During Honan’s tenure the ongoing big issue was fighting Robert Moses’ plan to build a major road through Washington Square Park and the community’s wish to close the park to traffic. The Villager published a front-page editorial. Thanks to the persistence of a united community and The Villager’s coverage and editorials, the road project was defeated and the park closed to cars.

Bill met his second wife, Nancy Burton, in 1970 when he was an editor on the Times’s Magazine desk and she was a “copyboy.” There were no “copygirls” at the Times in those days, she noted.

An earlier marriage, to Sally Trope, ended in divorce.

Burton not only would go on to marry Honan, but also to work at The Villager as a news and feature writer, a job that she loved.

“I was a college student in Boston at the time in a cooperative education program in which I would study three months and they would place me in a job for three months,” Nancy recalled.

“After I met Bill, we were inseparable for 44 years! I quickly transferred to N.Y.U. to the journalism program, and there happened to be an opening for a reporter at The Villager. I was able to both do reporting and pursue my B.A. degree, after which I went on to become a reporter in the New York bureau of the Associated Press.

“Bill was so loved by all!” she said. “His crusading spirit, humanity and compassion drew me to him, not to mention his disarming charm, grace and wit.

“Bill was a sailor, too,” she added. “He loved serving as captain at the helm at The Villager, guiding the paper forward with his awesome navigational skills.”

William Holmes Honan was born in Manhattan in May 1930. His father, William was a thoracic surgeon who died when Bill was five years old. His mother, Annette Neudecker, was a journalist. He earned a B.A. in history from Oberlin College and a master’s degree from the University of Virginia.

Among the books that he authored are “Visions of Infamy: The Untold Story of How Journalist Hector C. Bywater Devised the Plans that Led to Pearl Harbor,” and “Treasure Hunt: A New York Times Reporter Tracks the Quedlinburg Hoard.”

In addition to his daughter, a reporter for Reuters, and his wife of 37 years, Nancy Burton, he is survived by his sons, Bradley and Daniel, and two grandchildren. His brother, Park, a retired professor of English at Leeds University, England, also survives.

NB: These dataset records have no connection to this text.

inductive ttr_ty :: "(trm \<times> trm) set \<Rightarrow> form list \<Rightarrow> lterm \<Rightarrow> form \<Rightarrow> bool" for Eq where
  var: "i < length \<Gamma> \<Longrightarrow> \<forall>A\<in>set \<Gamma>. wf A \<Longrightarrow> ttr_ty Eq \<Gamma> (Var i) (\<Gamma> ! i)"
| lam: "ttr_ty Eq (A # \<Gamma>) t B \<Longrightarrow> ttr_ty Eq \<Gamma> (Lam t) (Imp A B)"
| app: "ttr_ty Eq \<Gamma> t (Imp A B) \<Longrightarrow> ttr_ty Eq \<Gamma> u A \<Longrightarrow> ttr_ty Eq \<Gamma> (App t u) B"
| allF_I: "ttr_ty Eq (map liftFO \<Gamma>) t A \<Longrightarrow> ttr_ty Eq \<Gamma> t (AllF A)"
| allP_I: "ttr_ty Eq (map (renP (liftR n)) \<Gamma>) t A \<Longrightarrow> ttr_ty Eq \<Gamma> t (AllP n A)"
| allF_E: "ttr_ty Eq \<Gamma> t (AllF A) \<Longrightarrow> ttr_ty Eq \<Gamma> t (fsub (inst [u]) A)"
| allP_E: "ttr_ty Eq \<Gamma> t (AllP n A) \<Longrightarrow> wf G \<Longrightarrow> ttr_ty Eq \<Gamma> t (psub (substP1 n G) A)"
| eq: "ttr_ty Eq \<Gamma> t (fsub (inst [v]) A) \<Longrightarrow> eq_inst Eq v w
       \<Longrightarrow> ttr_ty Eq \<Gamma> t (fsub (inst [w]) A)"
| sub: "ttr_ty Eq \<Gamma> t A \<Longrightarrow> ttr_sub Eq A B \<Longrightarrow> ttr_ty Eq \<Gamma> t B"
| Y: "ttr_ty Eq (map (renS (liftR n)) \<Gamma>) t
        (Imp (allFn n (Imp (PS 0 (args n)) (renS (liftR n) F)))
             (allFn n (Imp D (renS (liftR n) F))))
      \<Longrightarrow> wf (Mu (liftD n n D) (args n))
      \<Longrightarrow> ttr_ty Eq \<Gamma> (App TuringY t) (allFn n (Imp (Mu (liftD n n D) (args n)) F))"

section \<open>TTR\<diamond>: the 0-ary subsystem\<close>

text \<open>All predicate variables/symbols 0-ary; no first-order part.
  DAll binds variable index 0, DMu binds symbol index 0.\<close>
datatype dform = DBot | DV nat | DS nat | DImp dform dform | DAll dform | DMu dform

definition upN :: "(nat \<Rightarrow> nat) \<Rightarrow> nat \<Rightarrow> nat" where
  "upN r = (\<lambda>k. case k of 0 \<Rightarrow> 0 | Suc j \<Rightarrow> Suc (r j))"

primrec drenV :: "(nat \<Rightarrow> nat) \<Rightarrow> dform \<Rightarrow> dform" where
  "drenV r DBot = DBot"
| "drenV r (DV k) = DV (r k)"
| "drenV r (DS k) = DS k"
| "drenV r (DImp A B) = DImp (drenV r A) (drenV r B)"
| "drenV r (DAll A) = DAll (drenV (upN r) A)"
| "drenV r (DMu A) = DMu (drenV r A)"

primrec drenS :: "(nat \<Rightarrow> nat) \<Rightarrow> dform \<Rightarrow> dform" where
  "drenS r DBot = DBot"
| "drenS r (DV k) = DV k"
| "drenS r (DS k) = DS (r k)"
| "drenS r (DImp A B) = DImp (drenS r A) (drenS r B)"
| "drenS r (DAll A) = DAll (drenS r A)"
| "drenS r (DMu A) = DMu (drenS (upN r) A)"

Carol Greitzer and James Lanigan, of the Village Independent Democrats club, beat De Sapio and his female running mate in the ’61 district leader race. Greitzer went on to be elected city councilmember.

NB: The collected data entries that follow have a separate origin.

lemma consecutive_around:
  assumes "finite P" "P \<subseteq> {0..1}" "0 \<in> P" "1 \<in> P" "x \<in> {0..<1}"
  obtains p q where "consecutive P p q" "p \<le> x" "x < q"
proof -
  let ?L = "{r\<in>P. r \<le> x}" and ?U = "{r\<in>P. x < r}"
  have L: "finite ?L" "?L \<noteq> {}" and U: "finite ?U" "?U \<noteq> {}" using assms by auto
  have "consecutive P (Max ?L) (Min ?U)"
    unfolding consecutive_def using Max_in[OF L] Min_in[OF U] Max_ge[OF L(1)] Min_le[OF U(1)]
    by (smt (verit) mem_Collect_eq)
  then show ?thesis using that Max_in[OF L] Min_in[OF U] by blast
qed

lemma consecutive_image_iff:
  assumes "\<And>x y. h x < h y \<longleftrightarrow> x < y"
  shows "consecutive (h ` P) (h p) (h q) \<longleftrightarrow> consecutive P p q"
proof -
  have "h x = h y \<longleftrightarrow> x = y" for x y using assms by (metis less_irrefl linorder_neqE)
  then show ?thesis unfolding consecutive_def using assms by (auto simp: not_less[symmetric])
qed

definition dyadic_breakpoints :: "real set \<Rightarrow> (real \<Rightarrow> real) \<Rightarrow> bool" where
  "dyadic_breakpoints P f \<longleftrightarrow>
     finite P \<and> P \<subseteq> {0..1} \<and> 0 \<in> P \<and> 1 \<in> P \<and> (\<forall>p\<in>P. dyadic p) \<and>
     (\<forall>p q. consecutive P p q \<longrightarrow> dyadic_affine_on f {p..<q})"

lemma consecutive_refine:
  assumes "finite P" "0 \<in> P" "1 \<in> P" "P \<subseteq> Q" "Q \<subseteq> {0..1}" "consecutive Q p q"
  obtains p' q' where "consecutive P p' q'" "p' \<le> p" "q \<le> q'"
proof -
  have "p \<in> {0..<1}" using assms(5,6) unfolding consecutive_def by force
  then obtain p' q' where pq': "consecutive P p' q'" "p' \<le> p" "p < q'"
    using consecutive_around[of P p] assms by blast
  then have "q \<le> q'" using assms(4,6) unfolding consecutive_def by force
  then show ?thesis using that pq' by blast
qed

lemma dyadic_breakpoints_refine:
  assumes "dyadic_breakpoints P f" "P \<subseteq> Q" "Q \<subseteq> {0..1}" "consecutive Q p q"
  shows "dyadic_affine_on f {p..<q}"
proof -
  obtain p' q' where "consecutive P p' q'" "p' \<le> p" "q \<le> q'"
    using consecutive_refine[OF _ _ _ assms(2-4)] assms(1) unfolding dyadic_breakpoints_def by blast
  then show ?thesis using assms(1) dyadic_affine_on_subset[of f "{p'..<q'}" "{p..<q}"]
    unfolding dyadic_breakpoints_def by auto
qed

lemma dyadic_breakpoints_at:
  assumes "dyadic_breakpoints P f" "x \<in> {0..<1}"
  obtains k b where "dyadic b" "f x = 2 powr of_int k * x + b"
proof -
  obtain p q where "consecutive P p q" "p \<le> x" "x < q"
    using consecutive_around[of P x] assms unfolding dyadic_breakpoints_def by blast
  then show ?thesis
    using assms that unfolding dyadic_breakpoints_def dyadic_affine_on_def by fastforce
qed

lemma Suc_chain_less:
  fixes a :: "nat \<Rightarrow> real"
  assumes "\<forall>i<n. a i < a (Suc i)" "i < j" "j \<le> n"
  shows "a i < a j"
  using assms(2,3)
proof (induction j)
  case (Suc j)
  then show ?case using assms(1) by (cases "i = j") (auto intro: less_trans)
qed simp

lemma consecutive_chain_iff:
  fixes a :: "nat \<Rightarrow> real"
  assumes "\<forall>i<n. a i < a (Suc i)"
  shows "consecutive (a ` {..n}) p q \<longleftrightarrow> (\<exists>i<n. p = a i \<and> q = a (Suc i))"
proof
  have less: "a i < a j" if "i < j" "j \<le> n" for i j
    using Suc_chain_less[OF assms that] .
  have le: "a i \<le> a j" if "i \<le> j" "j \<le> n" for i j
    using less[of i j] that by (cases "i = j") auto
  show "consecutive (a ` {..n}) p q" if ex: "\<exists>i<n. p = a i \<and> q = a (Suc i)"
  proof -
    obtain i where i: "i < n" "p = a i" "q = a (Suc i)" using ex by blast
    have "r \<le> p \<or> q \<le> r" if r: "r \<in> a ` {..n}" for r
    proof -
      obtain j where "j \<le> n" "r = a j" using r by auto
      then show ?thesis using i le[of j i] le[of "Suc i" j] by (cases "j \<le> i") auto
    qed
    then show ?thesis unfolding consecutive_def using i less[of i "Suc i"] by auto
  qed
  assume pq: "consecutive (a ` {..n}) p q"
  then obtain i j where ij: "i \<le> n" "j \<le> n" "p = a i" "q = a j"
    unfolding consecutive_def by auto
  have "i < j" using pq ij le[of j i] unfolding consecutive_def by force
  moreover have "\<not> Suc i < j"
  proof
    assume "Suc i < j"
    then have "a (Suc i) \<in> a ` {..n}" "p < a (Suc i)" "a (Suc i) < q"
      using ij less[of i "Suc i"] less[of "Suc i" j] by auto
    then show False using pq unfolding consecutive_def by force
  qed
  ultimately have "j = Suc i" by simp
  then show "\<exists>i<n. p = a i \<and> q = a (Suc i)" using ij by (intro exI[of _ i]) simp
qed

lemma enumerate_unit_interval_partition:
  fixes P :: "real set"
  assumes "finite P" "P \<subseteq> {0..1}" "0 \<in> P" "1 \<in> P"
  obtains n a where "a 0 = 0" "a n = 1" "\<forall>i<n. a i < a (Suc i)" "P = a ` {..n}"
proof -
  define xs where "xs = sorted_list_of_set P"
  define n where "n = length xs - 1"
  define a where "a i = xs ! i" for i
  have sx: "sorted_wrt (<) xs" and setx: "set xs = P" unfolding xs_def using assms(1) by simp_all
  have "card {0::real, 1} \<le> card P" using assms by (intro card_mono) auto
  then have L: "length xs = Suc n" "n > 0" unfolding xs_def n_def by simp_all
  have less: "a i < a j" if "i < j" "j \<le> n" for i j
    using sorted_wrt_nth_less[OF sx] that L unfolding a_def by simp
  have image: "a ` {..n} = P"
    using nth_image[of "length xs" xs] setx L unfolding a_def
    by (simp add: atLeast0LessThan lessThan_Suc_atMost)
  have bounds: "a 0 \<le> a i" "a i \<le> a n" if "i \<le> n" for i
    using less[of 0 i] less[of i n] that by (cases "i = 0"; cases "i = n"; simp)+
  have "0 \<in> a ` {..n}" "1 \<in> a ` {..n}" "a 0 \<in> P" "a n \<in> P"
    using image assms(3,4) by auto
  then obtain i j where "i \<le> n" "0 = a i" "j \<le> n" "1 = a j" by blast
  then have "a 0 \<le> 0" "1 \<le> a n" using bounds by metis+
  moreover have "a 0 \<in> {0..1}" "a n \<in> {0..1}" using \<open>a 0 \<in> P\<close> \<open>a n \<in> P\<close> assms(2) by blast+
  ultimately show ?thesis using that[of a n] less image by auto
qed

lemma breakpoints_of_partition:
  assumes "a 0 = 0" "a n = 1"
    and "\<forall>i<n. a i < a (Suc i) \<and> dyadic (a i) \<and> dyadic (b i)"
    and "\<forall>i<n. \<forall>x \<in> {a i..<a (Suc i)}. f x = 2 powr (of_int (k i)) * x + b i"
  shows "dyadic_breakpoints (a ` {..n}) f"
proof -
  have chain: "\<forall>i<n. a i < a (Suc i)" using assms(3) by blast
  have "a 0 \<le> a i" "a i \<le> a n" if "i \<le> n" for i
    using Suc_chain_less[OF chain, of 0 i] Suc_chain_less[OF chain, of i n] that
    by (cases "i = 0"; cases "i = n"; simp)+
  moreover have "dyadic (a i)" if "i \<le> n" for i using assms(2,3) that by (cases "i = n") auto
  moreover have "dyadic_affine_on f {p..<q}" if "consecutive (a ` {..n}) p q" for p q
    using that assms(3,4) unfolding consecutive_chain_iff[OF chain] dyadic_affine_on_def by blast
  ultimately show ?thesis
    unfolding dyadic_breakpoints_def using assms(1,2) by (auto simp: image_iff)
qed

lemma partition_of_breakpoints:
  assumes "dyadic_breakpoints P f"
  obtains n a k b where "a 0 = 0" "a n = 1"
    "\<forall>i<n. a i < a (Suc i) \<and> dyadic (a i) \<and> dyadic (b i)"
    "\<forall>i<n. \<forall>x \<in> {a i..<a (Suc i)}. f x = 2 powr (of_int (k i)) * x + b i"
proof -
  obtain n a where a: "a 0 = 0" "a n = 1" "\<forall>i<n. a i < a (Suc i)" "P = a ` {..n}"
    using enumerate_unit_interval_partition assms unfolding dyadic_breakpoints_def by metis
  have "dyadic_affine_on f {a i..<a (Suc i)}" if "i < n" for i
    using assms that unfolding dyadic_breakpoints_def a(4) consecutive_chain_iff[OF a(3)] by blast
  then have "\<forall>i. \<exists>kb. i < n \<longrightarrow> dyadic (snd kb) \<and>
      (\<forall>x\<in>{a i..<a (Suc i)}. f x = 2 powr of_int (fst kb) * x + snd kb)"
    unfolding dyadic_affine_on_def by (metis fst_conv snd_conv)
  then obtain kb where kb: "\<And>i. i < n \<Longrightarrow> dyadic (snd (kb i)) \<and>
      (\<forall>x\<in>{a i..<a (Suc i)}. f x = 2 powr of_int (fst (kb i)) * x + snd (kb i))"
    by metis
  have "dyadic (a i)" if "i < n" for i using assms that unfolding dyadic_breakpoints_def a(4) by simp
  then show ?thesis using that[of a n "\<lambda>i. snd (kb i)" "\<lambda>i. fst (kb i)"] a kb by auto
qed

“He was the one who really changed the nature of The Villager,” she said of Honan. “The paper had a lot of news about De Sapio’s people. And it had a lot on graduations and weddings, photos with short stories. The Village Voice was reporting on Democratic politics. He changed The Villager from a little society paper into a newspaper that reported the news. … I can still picture all those wedding and graduation photos.”